(Data provided begins)

text \<open>
  On [0, pi] one has sin s <= s exp(-s^2/6), so on the first period the integrand is dominated
  by s^(alpha - beta) exp(-alpha s^2/6), whose integral over (0, oo) is (6/alpha)^a Gamma(a) / 2
  after the substitution u = alpha s^2/6. On the k-th period (k pi, (k+1) pi] the integrand is at
  most (k+1)^(-beta) times its value on the first one, and the sum of (k+1)^(-beta) is at most
  beta/(beta-1). For the lower bound, sin t >= t (1 - t^2/6) on [0, sqrt 6], and the same kind of
  substitution turns the resulting integral into the Beta integral 6^a B(a, alpha+1) / 2, which
  equals (6/alpha)^a Gamma(a) phi(alpha, beta) / 2. The integrand is even, which accounts for the
  remaining factor 2.
\<close>

lemma x_mult_cos_le_sin:
  fixes x :: real assumes "0 \<le> x" "x \<le> pi" shows "x * cos x \<le> sin x"
proof -
  let ?g = "\<lambda>y. sin y - y * cos y"
  have "?g 0 \<le> ?g x"
  proof (rule deriv_nonneg_imp_mono[where g = ?g and g' = "\<lambda>y. y * sin y"])
    fix y assume "y \<in> {0..x}"
    then show "(?g has_real_derivative y * sin y) (at y)" and "0 \<le> y * sin y"
      using assms by (auto intro!: derivative_eq_intros mult_nonneg_nonneg sin_ge_zero)
  qed (use assms in auto)
  then show ?thesis by simp
qed

lemma x_mult_cos_plus_square_sin_le_sin:
  fixes x :: real assumes "0 \<le> x" "x \<le> pi" shows "x * cos x + x\<^sup>2 * sin x / 3 \<le> sin x"
proof -
  let ?g = "\<lambda>y. sin y - y * cos y - y\<^sup>2 * sin y / 3"
  let ?g' = "\<lambda>y. y / 3 * (sin y - y * cos y)"
  have "?g 0 \<le> ?g x"
  proof (rule deriv_nonneg_imp_mono[where g = ?g and g' = ?g'])
    fix y assume "y \<in> {0..x}"
    show "(?g has_real_derivative ?g' y) (at y)"
      by (rule derivative_eq_intros refl | simp)+ (simp add: algebra_simps power2_eq_square)
    from \<open>y \<in> {0..x}\<close> assms show "0 \<le> ?g' y"
      using x_mult_cos_le_sin[of y] by auto
  qed (use assms in auto)
  then show ?thesis by simp
qed

lemma exp_square_mult_cos_plus_sin_le_one:
  fixes x :: real assumes "0 \<le> x" "x \<le> pi"
  shows "exp (x\<^sup>2 / 6) * (cos x + x / 3 * sin x) \<le> 1"
proof -
  let ?g = "\<lambda>y. - (exp (y\<^sup>2 / 6) * (cos y + y / 3 * sin y))"
  let ?g' = "\<lambda>y. exp (y\<^sup>2 / 6) / 9 * (6 * (sin y - y * cos y - y\<^sup>2 * sin y / 3) + y\<^sup>2 * sin y)"
  have "?g 0 \<le> ?g x"
  proof (rule deriv_nonneg_imp_mono[where g = ?g and g' = ?g'])
    fix y assume y: "y \<in> {0..x}"
    show "(?g has_real_derivative ?g' y) (at y)"
      by (rule derivative_eq_intros refl | simp)+ (simp add: algebra_simps power2_eq_square)
    show "0 \<le> ?g' y"
      using y assms x_mult_cos_plus_square_sin_le_sin[of y] sin_ge_zero[of y]
      by (intro mult_nonneg_nonneg add_nonneg_nonneg) auto
  qed (use assms in auto)
  then show ?thesis by simp
qed

lemma sin_le_mult_exp_neg_square:
  fixes x :: real assumes "0 \<le> x" "x \<le> pi" shows "sin x \<le> x * exp (- x\<^sup>2 / 6)"
proof -
  let ?g = "\<lambda>y. y - sin y * exp (y\<^sup>2 / 6)"
  let ?g' = "\<lambda>y. 1 - exp (y\<^sup>2 / 6) * (cos y + y / 3 * sin y)"
  have "?g 0 \<le> ?g x"
  proof (rule deriv_nonneg_imp_mono[where g = ?g and g' = ?g'])
    fix y assume "y \<in> {0..x}"
    show "(?g has_real_derivative ?g' y) (at y)"
      by (rule derivative_eq_intros refl | simp)+ (simp add: algebra_simps power2_eq_square)
    from \<open>y \<in> {0..x}\<close> assms show "0 \<le> ?g' y"
      using exp_square_mult_cos_plus_sin_le_one[of y] by auto
  qed (use assms in auto)
  then have "sin x * exp (x\<^sup>2 / 6) * exp (- x\<^sup>2 / 6) \<le> x * exp (- x\<^sup>2 / 6)"
    by (intro mult_right_mono) auto
  then show ?thesis by (simp add: mult.assoc flip: exp_add)
qed

lemma one_minus_square_le_cos:
  fixes x :: real shows "1 - x\<^sup>2 / 2 \<le> cos x"
proof -
  let ?g = "\<lambda>y. cos y - 1 + y\<^sup>2 / 2"
  have "?g 0 \<le> ?g \<bar>x\<bar>"
  proof (rule deriv_nonneg_imp_mono[where g = ?g and g' = "\<lambda>y. y - sin y"])
    fix y assume "y \<in> {0..\<bar>x\<bar>}"
    then show "(?g has_real_derivative y - sin y) (at y)" and "0 \<le> y - sin y"
      using sin_x_le_x[of y] by (auto intro!: derivative_eq_intros)
  qed auto
  then show ?thesis by simp
qed

lemma minus_cube_le_sin:
  fixes x :: real assumes "0 \<le> x" shows "x - x ^ 3 / 6 \<le> sin x"
proof -
  let ?g = "\<lambda>y. sin y - y + y ^ 3 / 6"
  have "?g 0 \<le> ?g x"
  proof (rule deriv_nonneg_imp_mono[where g = ?g and g' = "\<lambda>y. cos y - 1 + y\<^sup>2 / 2"])
    fix y assume "y \<in> {0..x}"
    show "(?g has_real_derivative cos y - 1 + y\<^sup>2 / 2) (at y)"
      by (auto intro!: derivative_eq_intros simp: power2_eq_square)
    show "0 \<le> cos y - 1 + y\<^sup>2 / 2"
      using one_minus_square_le_cos[of y] by simp
  qed (use assms in auto)
  then show ?thesis by simp
qed

lemma powr_neg_le_diff_powr:
  fixes b x :: real assumes "1 < b" "0 < x"
  shows "(b - 1) * (x + 1) powr (- b) \<le> x powr (1 - b) - (x + 1) powr (1 - b)"
proof -
  define y where "y = x / (x + 1)"
  have y: "0 < y" "y - 1 = - 1 / (x + 1)"
    using assms by (auto simp: y_def field_simps)
  have split_power: "(x + 1) powr (1 - b) = (x + 1) * (x + 1) powr (- b)"
    using assms by (simp add: powr_diff powr_minus field_simps)
  have "1 + (b - 1) / (x + 1) = 1 + (1 - b) * (y - 1)"
    using assms unfolding y(2) by (simp add: field_simps)
  also have "\<dots> \<le> 1 + (1 - b) * ln y"
    using ln_le_minus_one[OF y(1)] assms by (simp add: mult_left_mono_neg)
  also have "\<dots> \<le> y powr (1 - b)"
    using exp_ge_add_one_self[of "(1 - b) * ln y"] y by (simp add: powr_def mult.commute)
  finally have "(1 + (b - 1) / (x + 1)) * (x + 1) powr (1 - b)
      \<le> y powr (1 - b) * (x + 1) powr (1 - b)"
    by (rule mult_right_mono) simp
  also have "\<dots> = x powr (1 - b)"
    using assms by (simp add: y_def powr_divide)
  also have "(1 + (b - 1) / (x + 1)) * (x + 1) powr (1 - b)
      = (x + 1) powr (1 - b) + (b - 1) * (x + 1) powr (- b)"
    using assms unfolding split_power by (simp add: field_simps)
  finally show ?thesis by simp
qed

lemma sum_powr_neg_le:
  fixes b :: real assumes "1 < b"
  shows "(\<Sum>k<n. (real k + 1) powr (- b)) \<le> b / (b - 1)"
proof -
  have telescope: "(\<Sum>k<n. (real k + 1) powr (- b)) + real n powr (1 - b) / (b - 1) \<le> b / (b - 1)"
    if "1 \<le> n" for n
    using that
  proof (induction n rule: dec_induct)
    case base
    then show ?case using assms by (simp add: field_simps)
  next
    case (step n)
    have "(real n + 1) powr (- b) \<le> (real n powr (1 - b) - (real n + 1) powr (1 - b)) / (b - 1)"
      using powr_neg_le_diff_powr[OF assms, of "real n"] assms step.hyps
      by (simp add: le_divide_eq mult.commute)
    with step.IH show ?case by (simp add: diff_divide_distrib add.commute)
  qed
  show ?thesis
  proof (cases "n = 0")
    case False
    have "0 \<le> real n powr (1 - b) / (b - 1)"
      using assms by simp
    with False show ?thesis using telescope[of n] by linarith
  qed (use assms in simp)
qed

lemma nn_integral_substitution_atLeast:
  fixes f g g' :: "real \<Rightarrow> real"
  assumes [measurable]: "f \<in> borel_measurable borel" "g \<in> borel_measurable borel"
      "g' \<in> borel_measurable borel"
    and derivg: "\<And>x. a \<le> x \<Longrightarrow> (g has_real_derivative g' x) (at x)"
    and contg': "continuous_on {a..} g'"
    and derivg_nonneg: "\<And>x. a \<le> x \<Longrightarrow> 0 \<le> g' x"
    and g_at_top: "filterlim g at_top at_top"
  shows "(\<integral>\<^sup>+x. f x * indicator {g a..} x \<partial>lborel)
    = (\<integral>\<^sup>+x. f (g x) * g' x * indicator {a..} x \<partial>lborel)"
proof -
  define b where "b n = a + real n" for n :: nat
  have mono_g: "g x \<le> g y" if "a \<le> x" "x \<le> y" for x y
    using derivg derivg_nonneg that by (intro deriv_nonneg_imp_mono[where g = g and g' = g']) auto
  have mono_gb: "g (b m) \<le> g (b n)" if "m \<le> n" for m n
    using that by (intro mono_g) (auto simp: b_def)
  have "filterlim b at_top sequentially"
    unfolding b_def
    by (intro filterlim_tendsto_add_at_top[OF tendsto_const] filterlim_real_sequentially)
  then have gb_at_top: "filterlim (\<lambda>n. g (b n)) at_top sequentially"
    by (rule filterlim_compose[OF g_at_top])
  have SUP_indicator:
    "(SUP n. ennreal (h x * indicator {c..u n} x)) = ennreal (h x * indicator {c..} x)"
    if u_at_top: "filterlim u at_top sequentially"
    for h :: "real \<Rightarrow> real" and c x and u :: "nat \<Rightarrow> real"
  proof (rule antisym)
    show "(SUP n. ennreal (h x * indicator {c..u n} x)) \<le> ennreal (h x * indicator {c..} x)"
      by (intro SUP_least) (auto simp: indicator_def)
    obtain n where "x \<le> u n"
      using u_at_top unfolding filterlim_at_top eventually_sequentially by blast
    then show "ennreal (h x * indicator {c..} x) \<le> (SUP n. ennreal (h x * indicator {c..u n} x))"
      by (intro SUP_upper2[of n]) (auto simp: indicator_def)
  qed
  have "(\<integral>\<^sup>+x. f x * indicator {g a..} x \<partial>lborel)
      = (\<integral>\<^sup>+x. (SUP n. ennreal (f x * indicator {g a..g (b n)} x)) \<partial>lborel)"
    by (simp add: SUP_indicator[OF gb_at_top])
  also have "\<dots> = (SUP n. \<integral>\<^sup>+x. f x * indicator {g a..g (b n)} x \<partial>lborel)"
    by (rule nn_integral_monotone_convergence_SUP)
       (auto simp: incseq_def le_fun_def indicator_def intro!: ennreal_leI dest: mono_gb)
  also have "\<dots> = (SUP n. \<integral>\<^sup>+x. f (g x) * g' x * indicator {a..b n} x \<partial>lborel)"
    using contg' derivg derivg_nonneg
    by (intro SUP_cong refl nn_integral_substitution)
       (auto simp: b_def set_borel_measurable_def intro: continuous_on_subset)
  also have "\<dots>
      = (\<integral>\<^sup>+x. (SUP n. ennreal (f (g x) * g' x * indicator {a..b n} x)) \<partial>lborel)"
    by (rule nn_integral_monotone_convergence_SUP[symmetric])
       (auto simp: incseq_def le_fun_def b_def indicator_def intro!: ennreal_leI)
  also have "\<dots> = (\<integral>\<^sup>+x. f (g x) * g' x * indicator {a..} x \<partial>lborel)"
    by (simp add: SUP_indicator[OF \<open>filterlim b at_top sequentially\<close>, of "\<lambda>x. f (g x) * g' x"])
  finally show ?thesis .
qed

text \<open>The case \<open>t = 0\<close> holds only because \<open>0 powr x = 0\<close> for every exponent.\<close>

lemma powr_eq_scaled_square_powr:
  fixes a c t :: real assumes "0 < c" "0 \<le> t"
  shows "t powr (2 * a - 1) = (c * t\<^sup>2) powr (a - 1) * (2 * c * t) / (2 * c powr a)"
proof (cases "t = 0")
  case False
  with assms have t: "0 < t" by simp
  have "(c * t\<^sup>2) powr (a - 1) = c powr (a - 1) * t powr (2 * a - 2)"
    using assms t by (simp add: powr_mult powr_powr algebra_simps flip: powr_numeral)
  moreover have "c powr a = c powr (a - 1) * c" "t powr (2 * a - 1) = t powr (2 * a - 2) * t"
    using powr_add[of c "a - 1" 1] powr_add[of t "2 * a - 2" 1] assms t by simp_all
  ultimately show ?thesis
    using assms by (simp add: field_simps)
qed simp

lemma scaled_square_has_real_derivative: "((\<lambda>t. c * t\<^sup>2) has_real_derivative 2 * c * x) (at x)"
  by (auto intro!: derivative_eq_intros)

lemma nn_integral_powr_exp_neg_square:
  fixes a c :: real assumes "0 < a" "0 < c"
  shows "(\<integral>\<^sup>+t. t powr (2 * a - 1) * exp (- (c * t\<^sup>2)) * indicator {0..} t \<partial>lborel)
    = ennreal (Gamma a / (2 * c powr a))"
proof -
  define f where "f u = u powr (a - 1) * exp (- u)" for u :: real
  have [measurable]: "f \<in> borel_measurable borel"
    unfolding f_def by measurable
  have "filterlim (\<lambda>t. c * t\<^sup>2) at_top at_top"
    using assms by (intro filterlim_tendsto_pos_mult_at_top[OF tendsto_const]
        filterlim_pow_at_top filterlim_ident) auto
  then have substitution: "(\<integral>\<^sup>+u. f u * indicator {0..} u \<partial>lborel)
      = (\<integral>\<^sup>+t. f (c * t\<^sup>2) * (2 * c * t) * indicator {0..} t \<partial>lborel)"
    using nn_integral_substitution_atLeast[of f "\<lambda>t. c * t\<^sup>2" "\<lambda>t. 2 * c * t" 0]
      scaled_square_has_real_derivative assms
    by (auto simp: continuous_on_mult_left)
  have "(\<integral>\<^sup>+t. t powr (2 * a - 1) * exp (- (c * t\<^sup>2)) * indicator {0..} t \<partial>lborel)
      = (\<integral>\<^sup>+t. ennreal (1 / (2 * c powr a)) * (f (c * t\<^sup>2) * (2 * c * t) * indicator {0..} t)
          \<partial>lborel)"
    using assms
    by (intro nn_integral_cong)
       (auto simp: f_def powr_eq_scaled_square_powr[of c] indicator_def simp flip: ennreal_mult')
  also have "\<dots> = ennreal (1 / (2 * c powr a)) * (\<integral>\<^sup>+u. f u * indicator {0..} u \<partial>lborel)"
    by (simp add: substitution nn_integral_cmult)
  also have "(\<integral>\<^sup>+u. f u * indicator {0..} u \<partial>lborel) = Gamma a"
    using assms
    by (auto simp: Gamma_conv_nn_integral_real f_def exp_minus field_simps intro!: nn_integral_cong)
  finally show ?thesis
    using assms by (simp flip: ennreal_mult')
qed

(Data provided ends)

## Work order
Transcribe only the lines from the beginning of the entries to the line with "after the substitution", inclusive, exactly as written.

## Exercise solution
text \<open>
  On [0, pi] one has sin s <= s exp(-s^2/6), so on the first period the integrand is dominated
  by s^(alpha - beta) exp(-alpha s^2/6), whose integral over (0, oo) is (6/alpha)^a Gamma(a) / 2
  after the substitution u = alpha s^2/6. On the k-th period (k pi, (k+1) pi] the integrand is at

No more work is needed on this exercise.